02.03, poniedziałek
Tego dnia pobiłem kolejny rekord bycia debilem. W prawie pustym autobusie (o szóstej rano tak było) dosiadłem się do jakiejś starszej kobiety. Popatrzyła na mnie trochę dziwnie, ale nic nie komentowała. Specjalnie wybrałem miejsce gdzieś na przodzie, żebym przypadkiem nie siedział sam pod koniec drogi. Plan genialny, bo faktycznie, kobieta wysiadła kilkadziesiąt minut później, ale zaraz jej miejsce zastąpiła kolejna. Tylko nie do końca widziałem cel w tym, co odwalałem. Dopóki siedziałem od strony przejścia, nie pozwoliłem sobie zamknąć oczu na dłużej niż dwie sekundy, chociaż czułem, jak cały mój organizm krzyczy, że mam iść spać. Dopiero od szyby spróbowałem zasnąć, tym razem opierając się tak, żeby moja głowa nie poleciała na ramię grubszej kobiety obok.Najwyraźniej jednak wszystkie moje starania były niepotrzebne, bo Mateusza tego dnia nawet nie było. Trochę szkoda. Chociaż i tak go unikałem. Mój sposób myślenia był bez sensu. Jak zwykle.
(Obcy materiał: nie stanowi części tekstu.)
text \<open>H^{t-1} = sigma((W_s, Y_s) : s < t).\<close>
definition Hprev :: "'a measure \<Rightarrow> (nat \<Rightarrow> 'a \<Rightarrow> 'w) \<Rightarrow> (nat \<Rightarrow> 'a \<Rightarrow> 'w \<Rightarrow> real) \<Rightarrow> nat \<Rightarrow> 'a measure" where
  "Hprev M W Y t = sigma (space M) (hist_gen M W Y t)"

text \<open>H^{t-1} enlarged by current and future potential outcomes Y_s(v), s >= t.\<close>
definition Henl :: "'a measure \<Rightarrow> (nat \<Rightarrow> 'a \<Rightarrow> 'w) \<Rightarrow> (nat \<Rightarrow> 'a \<Rightarrow> 'w \<Rightarrow> real) \<Rightarrow> nat \<Rightarrow> 'a measure" where
  "Henl M W Y t = sigma (space M)
     (hist_gen M W Y t \<union> (\<Union>s\<in>{t..}. \<Union>v. {(\<lambda>\<omega>. Y s \<omega> v) -` A \<inter> space M | A. A \<in> sets borel}))"

end

theory Submission
  imports Defs
begin

text \<open>Since \<open>\<lambda>\<^sub>T = 1\<close>, the recursion is a stick-breaking scheme: the shares
  \<open>q\<^sub>t = h\<^sub>t\<^sup>2 / e\<^sub>t\<close> consume the remaining mass \<open>1 - (\<Sum>s<t. q\<^sub>s)\<close> at rate \<open>\<lambda>\<^sub>t\<close> and
  sum to exactly 1 on every sample path. Hence the normalising expectation is 1 and (ii) is
  trivial. The lower bound \<open>\<lambda>\<^sub>t \<ge> 1 / (T - t + 1)\<close> keeps the remaining mass below
  \<open>(T - t + 1) / T\<close>; with the upper bound on \<open>\<lambda>\<^sub>t\<close> and concavity of \<open>x\<^sup>1\<^sup>-\<^sup>\<alpha>\<close> this gives
  \<open>q\<^sub>t \<le> m\<^sub>T e\<^sub>t\<close> with \<open>m\<^sub>T = C' / ((1 - \<alpha>) T\<^sup>1\<^sup>-\<^sup>\<alpha>) \<longrightarrow> 0\<close>. Then
  \<open>h\<^sub>t = sqrt (q\<^sub>t e\<^sub>t) \<ge> q\<^sub>t / sqrt m\<^sub>T\<close>, so \<open>(\<Sum>t. h\<^sub>t)\<^sup>2 \<ge> 1 / m\<^sub>T \<longrightarrow> \<infinity>\<close>, which is (i); and
  \<open>h\<^sub>t\<^sup>2\<^sup>+\<^sup>\<delta> / e\<^sub>t\<^sup>1\<^sup>+\<^sup>\<delta> = q\<^sub>t (h\<^sub>t / e\<^sub>t)\<^sup>\<delta> \<le> m\<^sub>T\<^sup>\<delta>\<^sup>/\<^sup>2 q\<^sub>t\<close>, which gives (iii).\<close>

lemma powr_diff_ge_concave:
  fixes t T a :: real
  assumes "0 < t" "t \<le> T" "0 \<le> a" "a < 1"
  shows "(1 - a) * T powr (-a) * (T - t) \<le> T powr (1 - a) - t powr (1 - a)"
proof -
  have T: "T > 0" using assms by linarith
  have "t powr (1 - a) * T powr a \<le> (1 - a) * t + a * T"
    using Youngs_inequality_0[of "1 - a" a t T] assms T by simp
  then have "t powr (1 - a) \<le> ((1 - a) * t + a * T) * T powr (-a)"
    using T by (simp add: powr_minus field_simps)
  moreover have "T powr (1 - a) = T * T powr (-a)"
    using T by (simp add: powr_diff powr_minus field_simps)
  ultimately show ?thesis by (simp add: algebra_simps)
qed

lemma allocation_denominator_ge:
  fixes t T a :: real
  assumes "0 < t" "t \<le> T" "0 \<le> a" "a < 1"
  shows "(1 - a) * T powr (-a) * (T - t + 1) \<le> t powr (-a) + T powr (1 - a) - t powr (1 - a)"
proof -
  have "(1 - a) * T powr (-a) \<le> T powr (-a)"
    using assms by (simp add: mult_le_cancel_right1)
  also have "T powr (-a) \<le> t powr (-a)"
    using assms by (intro powr_mono2') auto
  finally show ?thesis
    using powr_diff_ge_concave[OF assms] by (simp add: algebra_simps)
qed

lemma stick_breaking_remainder_le:
  fixes q lam :: "nat \<Rightarrow> real" and T :: nat
  assumes lam: "\<And>t. t \<in> {1..T} \<Longrightarrow> 1 / (real T - real t + 1) \<le> lam t \<and> lam t \<le> 1"
    and q: "\<And>t. t \<in> {1..T} \<Longrightarrow> q t = (1 - sum q {1..<t}) * lam t"
    and t: "1 \<le> t" "t \<le> T"
  shows "0 \<le> 1 - sum q {1..<t} \<and> 1 - sum q {1..<t} \<le> (real T - real t + 1) / T"
  using t
proof (induction t rule: nat_induct_at_least)
  case base
  then show ?case by simp
next
  case (Suc n)
  let ?R = "1 - sum q {1..<n}"
  have n: "n \<in> {1..T}" and IH: "0 \<le> ?R" "?R \<le> (real T - real n + 1) / T"
    using Suc by auto
  have remainder: "1 - sum q {1..<Suc n} = ?R * (1 - lam n)"
    using q[OF n] Suc.hyps by (simp add: algebra_simps)
  have k: "real T - real n + 1 > 1" "real T > 0" using Suc.prems by auto
  have "?R * (1 - lam n) \<le> ((real T - real n + 1) / T) * (1 - 1 / (real T - real n + 1))"
    using IH lam[OF n] by (intro mult_mono) auto
  also have "\<dots> = (real T - real (Suc n) + 1) / T"
    using k by (simp add: divide_simps)
  finally show ?case
    using remainder IH lam[OF n] by simp
qed

lemma stick_breaking_sum_eq_1:
  fixes q lam :: "nat \<Rightarrow> real"
  assumes "1 \<le> T" "q T = (1 - sum q {1..<T}) * lam T" "lam T = 1"
  shows "sum q {1..T} = 1"
  using assms by (simp add: sum.last_plus)

lemma stick_breaking_share_le:
  fixes q lam :: "nat \<Rightarrow> real" and T t :: nat and a C e :: real
  assumes lam: "\<And>t. t \<in> {1..T} \<Longrightarrow> 1 / (real T - real t + 1) \<le> lam t \<and> lam t \<le> 1"
    and q: "\<And>t. t \<in> {1..T} \<Longrightarrow> q t = (1 - sum q {1..<t}) * lam t"
    and t: "1 \<le> t" "t \<le> T"
    and a: "0 \<le> a" "a < 1"
    and C: "0 \<le> C" and e: "0 < e"
    and lam_le: "lam t \<le> C * e / (real t powr (-a) + real T powr (1 - a) - real t powr (1 - a))"
  shows "q t \<le> C / ((1 - a) * real T powr (1 - a)) * e"
proof -
  define k where "k = real T - real t + 1"
  define D where "D = real t powr (-a) + real T powr (1 - a) - real t powr (1 - a)"
  have k: "k \<ge> 1" and T: "real T > 0" using t unfolding k_def by auto
  have R: "0 \<le> 1 - sum q {1..<t}" "1 - sum q {1..<t} \<le> k / T"
    using stick_breaking_remainder_le[OF lam q t] unfolding k_def by auto
  have D_ge: "(1 - a) * real T powr (-a) * k \<le> D"
    using allocation_denominator_ge[of t T a] t a unfolding D_def k_def by simp
  have D_ge_pos: "0 < (1 - a) * real T powr (-a) * k" using a T k by simp
  have lam_nonneg: "0 \<le> lam t"
    using lam[of t] t k unfolding k_def by (auto intro: order_trans[rotated])
  have "q t = (1 - sum q {1..<t}) * lam t" using q t by simp
  also have "\<dots> \<le> (k / T) * (C * e / D)"
    using R lam_le lam_nonneg unfolding D_def by (intro mult_mono) auto
  also have "\<dots> \<le> (k / T) * (C * e / ((1 - a) * real T powr (-a) * k))"
    using D_ge D_ge_pos C e k T by (intro mult_left_mono divide_left_mono) auto
  also have "\<dots> = C / ((1 - a) * real T powr (1 - a)) * e"
    using k T a by (simp add: powr_diff powr_minus field_simps)
  finally show ?thesis .
qed

lemma sq_div_le_sqrt_mult:
  fixes h e m :: real
  assumes h: "0 \<le> h" and e: "0 < e" and le: "h\<^sup>2 / e \<le> m * e"
  shows "h\<^sup>2 / e \<le> sqrt m * h"
proof -
  have "(h\<^sup>2 / e)\<^sup>2 \<le> (h\<^sup>2 / e) * (m * e)"
    unfolding power2_eq_square[of "h\<^sup>2 / e"] using le e by (intro mult_left_mono) auto
  also have "\<dots> = m * h\<^sup>2" using e by simp
  finally have "h\<^sup>2 / e \<le> sqrt (m * h\<^sup>2)" by (rule real_le_rsqrt)
  then show ?thesis using h by (simp add: real_sqrt_mult)
qed

lemma powr_div_powr_le:
  fixes h e m d :: real
  assumes h: "0 \<le> h" and e: "0 < e" and le: "h\<^sup>2 / e \<le> m * e" and d: "0 \<le> d"
  shows "h powr (2 + d) / e powr (1 + d) \<le> m powr (d / 2) * (h\<^sup>2 / e)"
proof (cases "h = 0")
  case False
  then have h_pos: "0 < h" using h by simp
  have "0 \<le> m * e"
    using le e by (meson divide_nonneg_pos zero_le_power2 order_trans)
  then have m: "0 \<le> m"
    using e by (simp add: zero_le_mult_iff)
  have "(h / e)\<^sup>2 \<le> m"
    using le e by (simp add: power_divide power2_eq_square field_simps)
  then have "h / e \<le> sqrt m" by (rule real_le_rsqrt)
  then have "(h / e) powr d \<le> sqrt m powr d"
    using h e d by (intro powr_mono2) auto
  also have "\<dots> = (m powr (1 / 2)) powr d"
    using m by (simp add: powr_half_sqrt)
  also have "\<dots> = m powr (d / 2)"
    by (simp add: powr_powr)
  finally have "(h / e) powr d \<le> m powr (d / 2)" .
  moreover have "h powr (2 + d) / e powr (1 + d) = (h\<^sup>2 / e) * (h / e) powr d"
  proof -
    have "h powr (2 + d) = h\<^sup>2 * h powr d"
      using h_pos by (simp add: powr_add)
    moreover have "e powr (1 + d) = e * e powr d"
      using e by (simp add: powr_add)
    ultimately show ?thesis
      using h_pos e by (simp add: powr_divide)
  qed
  moreover have "0 \<le> h\<^sup>2 / e" using e by simp
  ultimately show ?thesis
    by (metis mult.commute mult_left_mono)
qed simp

lemma space_Hprev [simp]: "space (Hprev M W Y t) = space M"
  unfolding Hprev_def by (simp add: space_measure_of_conv)

lemma Hprev_borel_measurable_mono:
  assumes "s \<le> t"
  shows "borel_measurable (Hprev M W Y s) \<subseteq> borel_measurable (Hprev M W Y t)"
  unfolding Hprev_def
proof (rule measurable_mono1)
  show "hist_gen M W Y t \<subseteq> Pow (space M)" by (auto simp: hist_gen_def)
  show "hist_gen M W Y s \<subseteq> hist_gen M W Y t"
    unfolding hist_gen_def using assms by (intro SUP_subset_mono) auto
qed

lemma recursive_weights_measurable:
  fixes F :: "nat \<Rightarrow> 'a measure" and h e lam :: "nat \<Rightarrow> 'a \<Rightarrow> real"
  assumes mono: "\<And>s t. s \<le> t \<Longrightarrow> borel_measurable (F s) \<subseteq> (borel_measurable (F t) :: ('a \<Rightarrow> real) set)"
    and e_meas: "\<And>t. t \<in> {1..T} \<Longrightarrow> e t \<in> borel_measurable (F t)"
    and lam_meas: "\<And>t. t \<in> {1..T} \<Longrightarrow> lam t \<in> borel_measurable (F t)"
    and e_pos: "\<And>t \<omega>. t \<in> {1..T} \<Longrightarrow> \<omega> \<in> space (F t) \<Longrightarrow> 0 < e t \<omega>"
    and h: "\<And>t \<omega>. t \<in> {1..T} \<Longrightarrow> \<omega> \<in> space (F t) \<Longrightarrow>
      0 \<le> h t \<omega> \<and> (h t \<omega>)\<^sup>2 / e t \<omega> = (1 - (\<Sum>s=1..<t. (h s \<omega>)\<^sup>2 / e s \<omega>)) * lam t \<omega>"
    and t: "t \<in> {1..T}"
  shows "h t \<in> borel_measurable (F t)"
  using t
proof (induction t rule: less_induct)
  case (less t)
  have "(\<lambda>\<omega>. \<Sum>s=1..<t. (h s \<omega>)\<^sup>2 / e s \<omega>) \<in> borel_measurable (F t)"
  proof (intro borel_measurable_sum borel_measurable_divide borel_measurable_power)
    fix s assume s: "s \<in> {1..<t}"
    then show "h s \<in> borel_measurable (F t)" "e s \<in> borel_measurable (F t)"
      using less.IH[of s] less.prems e_meas[of s] mono[of s t] by auto
  qed
  then have sqrt_meas: "(\<lambda>\<omega>. sqrt (e t \<omega> * ((1 - (\<Sum>s=1..<t. (h s \<omega>)\<^sup>2 / e s \<omega>)) * lam t \<omega>)))
      \<in> borel_measurable (F t)"
    using e_meas lam_meas less.prems
    by (intro measurable_compose[OF _ borel_measurable_sqrt] borel_measurable_times
        borel_measurable_diff borel_measurable_const) auto
  show ?case
  proof (rule measurable_cong[THEN iffD1, OF _ sqrt_meas])
    fix \<omega> assume \<omega>: "\<omega> \<in> space (F t)"
    have "(h t \<omega>)\<^sup>2 = e t \<omega> * ((1 - (\<Sum>s=1..<t. (h s \<omega>)\<^sup>2 / e s \<omega>)) * lam t \<omega>)"
      using h[OF less.prems \<omega>] e_pos[OF less.prems \<omega>] by (simp add: field_simps)
    then show "sqrt (e t \<omega> * ((1 - (\<Sum>s=1..<t. (h s \<omega>)\<^sup>2 / e s \<omega>)) * lam t \<omega>)) = h t \<omega>"
      using h[OF less.prems \<omega>] by (metis real_sqrt_abs abs_of_nonneg)
  qed
qed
Powinienem spać więcej, bo gubiłem się nawet we własnych myślach.
Nie, w nich akurat gubiłem się zawsze. Chyba chciałem się tego dnia spotkać z Mateuszem. Polubiłem go i przyzwyczaiłem się do tego, że codziennie rano gadaliśmy kilka minut, ale po ostatnim razie było mi strasznie głupio, nawet jeśli on zareagował całkiem normalnie. Ale skoro nie przyszedł, to i tak bez różnicy. Ciekawe, czy jutro już będzie, czy znowu zrobi sobie miesięczną przerwę, żebym zapomniał, jak wygląda. Przynajmniej jego imię ciągle miałem zapisane na tym cholernym gipsie. Im częściej go używałem, tym bardziej się do niego przyzwyczajałem. „Mateusz” — może jednak nie brzmiało tak źle. Nawet do niego pasowało.
W szkole większość dnia spędziłem z Milką i jej przyjaciółkami, skoro Tymek i tak był zbyt zajęty. Po lekcjach odprowadziłem ją na jej przystanek, gdzie jeszcze poczekałem z nią na autobus. Mi na mój się nie spieszyło.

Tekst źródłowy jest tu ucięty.